■ What to produce
Among the records that follow, find the line with "x = (\<Sum>i\<in>UNIV." and the line with "H \<longleftrightarrow> (\<forall>x.". Set down those lines and all lines between them exactly, without adding anything.

[Dataset entries]
(* Let $d\ge2$ and, for $\ell\ge0$, let $P_\ell:[-1,1]\to\mathbb R$ be the Legendre polynomial of degree $\ell$ in dimension $d$, normalized by $P_\ell(1)=1$. Let $\lambda_\ell=\ell(d+\ell-2)$. Then for all $x\in[-1,1]$ and all integers $\ell\ge1$, \[ 1-P_{2\ell}(x)\le\frac{\lambda_{2\ell}}{\lambda_2}\big(1-P_2(x)\big). \]
   Context: The Legendre polynomial $P_\ell$ in dimension $d$ is the polynomial such that $\sigma\mapsto P_\ell(e_1\cdot\sigma)$ is the unique spherical harmonic of degree $\ell$ on $S^{d-1}$ (restriction of an $\ell$-homogeneous harmonic polynomial on $\mathbb R^d$) invariant under rotations fixing $e_1$ with value $1$ at $e_1$; for $d=2$, $P_\ell(\cos\theta)=\cos(\ell\theta)$. Then $-\Delta_{S^{d-1}}Y=\lambda_\ell Y$ for $Y(\sigma)=P_\ell(e_1\cdot\sigma)$. *)

theory Defs
  imports "HOL-Analysis.Analysis" "HOL-Computational_Algebra.Polynomial"
begin

definition poly_fun :: "(real^'n::finite \<Rightarrow> real) \<Rightarrow> bool" where
  "poly_fun H \<longleftrightarrow> (\<exists>c :: ('n \<Rightarrow> nat) \<Rightarrow> real. finite {\<alpha>. c \<alpha> \<noteq> 0} \<and>
     (\<forall>x. H x = (\<Sum>\<alpha>\<in>{\<alpha>. c \<alpha> \<noteq> 0}. c \<alpha> * (\<Prod>i\<in>UNIV. (x $ i) ^ (\<alpha> i)))))"

definition homogeneous_of_degree :: "nat \<Rightarrow> (real^'n \<Rightarrow> real) \<Rightarrow> bool" where
  "homogeneous_of_degree l H \<longleftrightarrow> (\<forall>t x. H (t *\<^sub>R x) = t ^ l * H x)"

definition laplacian :: "(real^'n::finite \<Rightarrow> real) \<Rightarrow> real^'n \<Rightarrow> real" where
  "laplacian H x = (\<Sum>i\<in>UNIV. deriv (\<lambda>s. deriv (\<lambda>t. H (x + t *\<^sub>R axis i 1)) s) 0)"

definition harmonic :: "(real^'n::finite \<Rightarrow> real) \<Rightarrow> bool" where
  "harmonic H \<longleftrightarrow> (\<forall>x. laplacian H x = 0)"

text \<open>The distinguished first coordinate index e_1 (any fixed index).\<close>
definition first_index :: "'n itself \<Rightarrow> 'n" where
  "first_index _ = (SOME i. True)"

definition legendre_poly :: "'n::finite itself \<Rightarrow> nat \<Rightarrow> real poly" where
  "legendre_poly T l = (THE p. poly p 1 = 1 \<and>
     (\<exists>H :: real^'n \<Rightarrow> real. poly_fun H \<and> homogeneous_of_degree l H \<and> harmonic H \<and>
        (\<forall>\<sigma>. norm \<sigma> = 1 \<longrightarrow> H \<sigma> = poly p (\<sigma> $ first_index T))))"

definition legendre :: "'n::finite itself \<Rightarrow> nat \<Rightarrow> real \<Rightarrow> real" where
  "legendre T l x = poly (legendre_poly T l) x"

definition sph_eigenvalue :: "nat \<Rightarrow> nat \<Rightarrow> real" where
  "sph_eigenvalue d l = real l * (real d + real l - 2)"

end

theory Submission
  imports Defs
begin

(* The zonal harmonic of degree 2l is sum_k e_k x_1^(2k) |x'|^(2(l-k)), where x' collects the
   coordinates other than the first and harmonicity forces a two-term recurrence on the e_k.
   Hence P_(2l)(x) = R(x^2) with R(y) = sum_k e_k y^k (1-y)^(l-k), and on the sphere the Laplacian
   becomes the Legendre equation 2y(1-y) R'' + (1-dy) R' + kappa R = 0, kappa = lambda_(2l)/2.
   Differentiating, S = R' satisfies an equation for which the energy S^2 + 2y(1-y) S'^2/(kappa-d)
   decreases up to y = 2/(d+2) and increases afterwards; so on [0,1] the square of S is bounded by
   its values at the endpoints, and the recurrence gives |S(0)| <= S(1) = kappa/(d-1).
   Integrating from y = x^2 to 1 yields 1 - P_(2l)(x) <= kappa/(d-1) (1 - x^2), which is the
   claim because 1 - P_2(x) = d/(d-1) (1 - x^2) and lambda_2 = 2d. *)

section \<open>Polynomial functions and homogeneity\<close>

definition vec_monomial :: "('n::finite \<Rightarrow> nat) \<Rightarrow> real^'n \<Rightarrow> real" where
  "vec_monomial \<alpha> x = (\<Prod>i\<in>UNIV. (x $ i) ^ \<alpha> i)"

lemma vec_monomial_add: "vec_monomial (\<lambda>i. \<alpha> i + \<beta> i) x = vec_monomial \<alpha> x * vec_monomial \<beta> x"
  by (simp add: vec_monomial_def power_add prod.distrib)

lemma poly_funI:
  fixes H :: "real^'n::finite \<Rightarrow> real"
  assumes fin: "finite I" and H: "\<And>x. H x = (\<Sum>i\<in>I. a i * vec_monomial (\<alpha> i) x)"
  shows "poly_fun H"
proof -
  define c where "c \<gamma> = (\<Sum>i\<in>{i\<in>I. \<alpha> i = \<gamma>}. a i)" for \<gamma>
  have supp: "{\<gamma>. c \<gamma> \<noteq> 0} \<subseteq> \<alpha> ` I"
    unfolding c_def by (force intro: sum.neutral)
  have "H x = (\<Sum>\<gamma>\<in>{\<gamma>. c \<gamma> \<noteq> 0}. c \<gamma> * vec_monomial \<gamma> x)" for x
  proof -
    have "H x = (\<Sum>\<gamma>\<in>\<alpha> ` I. \<Sum>i\<in>{i\<in>I. \<alpha> i = \<gamma>}. a i * vec_monomial (\<alpha> i) x)"
      using H sum.group[OF fin finite_imageI[OF fin], where g=\<alpha> and h="\<lambda>i. a i * vec_monomial (\<alpha> i) x"]
      by simp
    also have "\<dots> = (\<Sum>\<gamma>\<in>\<alpha> ` I. c \<gamma> * vec_monomial \<gamma> x)"
      unfolding c_def sum_distrib_right by (intro sum.cong refl) auto
    also have "\<dots> = (\<Sum>\<gamma>\<in>{\<gamma>. c \<gamma> \<noteq> 0}. c \<gamma> * vec_monomial \<gamma> x)"
      by (rule sum.mono_neutral_right[OF finite_imageI[OF fin] supp]) auto
    finally show ?thesis .
  qed
  then show ?thesis
    using finite_subset[OF supp finite_imageI[OF fin]]
    unfolding poly_fun_def vec_monomial_def by blast
qed

lemma poly_funE:
  assumes "poly_fun H"
  obtains S c where "finite S" "\<And>x. H x = (\<Sum>\<alpha>\<in>S. c \<alpha> * vec_monomial \<alpha> x)"
  using assms unfolding poly_fun_def vec_monomial_def by blast

lemma poly_fun_const: "poly_fun (\<lambda>x::real^'n::finite. a)"
  by (rule poly_funI[where I="{()}" and a="\<lambda>_. a" and \<alpha>="\<lambda>_ _. 0"]) (auto simp: vec_monomial_def)

lemma poly_fun_coord: "poly_fun (\<lambda>x::real^'n::finite. x $ j)"
proof (rule poly_funI[where I="{()}" and a="\<lambda>_. 1" and \<alpha>="\<lambda>_ i. if i = j then 1 else 0"])
  fix x :: "real^'n"
  have "vec_monomial (\<lambda>i. if i = j then 1 else 0) x = (\<Prod>i\<in>UNIV. if i = j then x $ i else 1)"
    unfolding vec_monomial_def by (intro prod.cong) auto
  then show "x $ j = (\<Sum>i\<in>{()}. 1 * vec_monomial (\<lambda>i. if i = j then 1 else 0) x)"
    by (simp add: prod.delta)
qed simp

lemma poly_fun_add:
  assumes "poly_fun F" "poly_fun G"
  shows "poly_fun (\<lambda>x. F x + G x)"
proof -
  obtain S c where S: "finite S" "\<And>x. F x = (\<Sum>\<alpha>\<in>S. c \<alpha> * vec_monomial \<alpha> x)"
    using poly_funE[OF assms(1)] by blast
  obtain T e where T: "finite T" "\<And>x. G x = (\<Sum>\<alpha>\<in>T. e \<alpha> * vec_monomial \<alpha> x)"
    using poly_funE[OF assms(2)] by blast
  show ?thesis
    by (rule poly_funI[where I="S <+> T" and a="case_sum c e" and \<alpha>="case_sum id id"])
      (use S T in \<open>simp_all add: sum.Plus comp_def\<close>)
qed

lemma poly_fun_mult:
  assumes "poly_fun F" "poly_fun G"
  shows "poly_fun (\<lambda>x. F x * G x)"
proof -
  obtain S c where S: "finite S" "\<And>x. F x = (\<Sum>\<alpha>\<in>S. c \<alpha> * vec_monomial \<alpha> x)"
    using poly_funE[OF assms(1)] by blast
  obtain T e where T: "finite T" "\<And>x. G x = (\<Sum>\<alpha>\<in>T. e \<alpha> * vec_monomial \<alpha> x)"
    using poly_funE[OF assms(2)] by blast
  show ?thesis
    by (rule poly_funI[where I="S \<times> T" and a="\<lambda>(\<alpha>, \<beta>). c \<alpha> * e \<beta>" and \<alpha>="\<lambda>(\<alpha>, \<beta>) i. \<alpha> i + \<beta> i"])
      (use S T in \<open>simp_all add: sum_product sum.cartesian_product vec_monomial_add case_prod_beta
        algebra_simps\<close>)
qed

lemma poly_fun_power: "poly_fun F \<Longrightarrow> poly_fun (\<lambda>x. F x ^ n)"
  by (induction n) (auto intro: poly_fun_const poly_fun_mult)

lemma poly_fun_sum:
  "finite A \<Longrightarrow> (\<And>k. k \<in> A \<Longrightarrow> poly_fun (F k)) \<Longrightarrow> poly_fun (\<lambda>x. \<Sum>k\<in>A. F k x)"
  by (induction A rule: finite_induct) (auto intro: poly_fun_const poly_fun_add)

lemma poly_fun_along_line:
  assumes "poly_fun H"
  obtains q where "\<And>t. H (x + t *\<^sub>R v) = poly q t"
proof -
  obtain S c where S: "\<And>x. H x = (\<Sum>\<alpha>\<in>S. c \<alpha> * vec_monomial \<alpha> x)"
    using poly_funE[OF assms] by blast
  have "H (x + t *\<^sub>R v) = poly (\<Sum>\<alpha>\<in>S. smult (c \<alpha>) (\<Prod>i\<in>UNIV. [:x $ i, v $ i:] ^ \<alpha> i)) t" for t
    by (simp add: S poly_sum poly_prod vec_monomial_def poly_power)
  then show ?thesis by (rule that)
qed

lemma homogeneous_eq_norm_power_mult:
  fixes H :: "real^'n::finite \<Rightarrow> real"
  assumes "homogeneous_of_degree n H" "x \<noteq> 0"
  shows "H x = norm x ^ n * H (x /\<^sub>R norm x)"
proof -
  have "H (norm x *\<^sub>R (x /\<^sub>R norm x)) = norm x ^ n * H (x /\<^sub>R norm x)"
    using assms(1) unfolding homogeneous_of_degree_def by blast
  then show ?thesis using assms(2) by simp
qed

lemma homogeneous_eq_if_eq_on_sphere:
  fixes F G :: "real^'n::finite \<Rightarrow> real"
  assumes F: "homogeneous_of_degree n F" and G: "homogeneous_of_degree n G"
    and sphere: "\<And>\<sigma>. norm \<sigma> = 1 \<Longrightarrow> F \<sigma> = G \<sigma>"
  shows "F = G"
proof
  fix x :: "real^'n"
  show "F x = G x"
  proof (cases "x = 0")
    case True
    define \<sigma> :: "real^'n" where "\<sigma> = axis (first_index TYPE('n)) 1"
    have "F (0 *\<^sub>R \<sigma>) = 0 ^ n * F \<sigma>" "G (0 *\<^sub>R \<sigma>) = 0 ^ n * G \<sigma>"
      using F G unfolding homogeneous_of_degree_def by blast+
    moreover have "F \<sigma> = G \<sigma>"
      by (rule sphere) (simp add: \<sigma>_def)
    ultimately show ?thesis using True by simp
  next
    case False
    have "F (x /\<^sub>R norm x) = G (x /\<^sub>R norm x)"
      by (rule sphere) (use False in simp)
    then show ?thesis
      unfolding homogeneous_eq_norm_power_mult[OF F False] homogeneous_eq_norm_power_mult[OF G False]
      by simp
  qed
qed

section \<open>Real polynomials\<close>

lemma poly_eq_if_eq_on_Ioo:
  fixes p q :: "real poly"
  assumes "a < b" "\<And>w. a < w \<Longrightarrow> w < b \<Longrightarrow> poly p w = poly q w"
  shows "p = q"
proof -
  have "{a<..<b} \<subseteq> {w. poly (p - q) w = 0}"
    using assms(2) by auto
  then have "infinite {w. poly (p - q) w = 0}"
    by (rule infinite_super) (simp add: infinite_Ioo assms(1))
  then have "p - q = 0"
    by (metis poly_roots_finite)
  then show ?thesis by simp
qed

lemma degree_le_if_poly_bounded:
  fixes h :: "real poly"
  assumes bound: "\<And>u. \<bar>poly h u\<bar> \<le> M * (1 + u^2)^l"
  shows "degree h \<le> 2*l"
proof (rule ccontr)
  assume "\<not> degree h \<le> 2*l"
  define q :: "real poly" where "q = [:1,0,1:]^l"
  have poly_q: "poly q u = (1 + u^2)^l" for u
    by (simp add: q_def poly_power power2_eq_square)
  have "degree q < degree h"
    using \<open>\<not> degree h \<le> 2*l\<close> by (simp add: q_def degree_power_eq)
  then have "((\<lambda>u. poly q u / poly h u) \<longlongrightarrow> 0) at_infinity"
    by (rule poly_divide_tendsto_0_at_infinity)
  then have "\<forall>\<^sub>F u in at_infinity. \<bar>poly q u / poly h u\<bar> < 1 / (\<bar>M\<bar> + 1)"
    by (auto dest!: tendstoD[where e="1 / (\<bar>M\<bar> + 1)"])
  moreover have "\<forall>\<^sub>F u in at_infinity. poly h u \<noteq> 0"
    using \<open>degree q < degree h\<close> by (intro poly_eventually_not_zero) auto
  ultimately obtain u where u: "\<bar>poly q u / poly h u\<bar> < 1 / (\<bar>M\<bar> + 1)" "poly h u \<noteq> 0"
    using eventually_happens'[OF trivial_limit_at_infinity] eventually_conj by blast
  have "poly q u > 0"
    unfolding poly_q by (simp add: add_pos_nonneg)
  then have "(\<bar>M\<bar> + 1) * poly q u < \<bar>poly h u\<bar>"
    using u by (simp add: abs_div_pos field_simps)
  moreover have "\<bar>poly h u\<bar> \<le> \<bar>M\<bar> * poly q u"
    using bound[of u] \<open>poly q u > 0\<close> unfolding poly_q
    by (meson abs_ge_self mult_right_mono order_trans less_imp_le)
  ultimately show False
    using \<open>poly q u > 0\<close> by (simp add: algebra_simps)
qed

lemma sum_even_indices:
  fixes f :: "nat \<Rightarrow> 'a::comm_monoid_add"
  shows "(\<Sum>i\<le>2*l. if even i then f i else 0) = (\<Sum>k\<le>l. f (2*k))"
proof -
  have "(\<Sum>i\<le>2*l. if even i then f i else 0) = sum f {i\<in>{..2*l}. even i}"
    by (rule sum.inter_filter[symmetric]) simp
  also have "{i\<in>{..2*l}. even i} = (\<lambda>k. 2*k) ` {..l}"
    by (auto elim!: evenE)
  also have "sum f ((\<lambda>k. 2*k) ` {..l}) = (\<Sum>k\<le>l. f (2*k))"
    by (subst sum.reindex) (auto simp: inj_on_def)
  finally show ?thesis .
qed

lemma even_poly_eq_sum_even_coeffs:
  fixes h :: "real poly"
  assumes "degree h \<le> 2*l" "\<And>u. poly h (-u) = poly h u"
  shows "poly h u = (\<Sum>k\<le>l. coeff h (2*k) * (u^2)^k)"
proof -
  have expand: "poly h v = (\<Sum>i\<le>2*l. coeff h i * v^i)" for v
  proof -
    have "poly h v = poly (\<Sum>i\<le>2*l. monom (coeff h i) i) v"
      using poly_as_sum_of_monoms'[OF assms(1)] by simp
    then show ?thesis by (simp add: poly_sum poly_monom)
  qed
  have "2 * poly h u = poly h u + poly h (-u)"
    using assms(2) by simp
  also have "\<dots> = (\<Sum>i\<le>2*l. if even i then 2 * (coeff h i * u^i) else 0)"
    unfolding expand sum.distrib[symmetric] by (intro sum.cong refl) auto
  also have "\<dots> = (\<Sum>k\<le>l. 2 * (coeff h (2*k) * u^(2*k)))"
    by (rule sum_even_indices)
  finally show ?thesis
    by (simp add: sum_distrib_left[symmetric] power_mult)
qed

■ Result of the exercise
  "laplacian H x = (\<Sum>i\<in>UNIV. deriv (\<lambda>s. deriv (\<lambda>t. H (x + t *\<^sub>R axis i 1)) s) 0)"

definition harmonic :: "(real^'n::finite \<Rightarrow> real) \<Rightarrow> bool" where
  "harmonic H \<longleftrightarrow> (\<forall>x. laplacian H x = 0)"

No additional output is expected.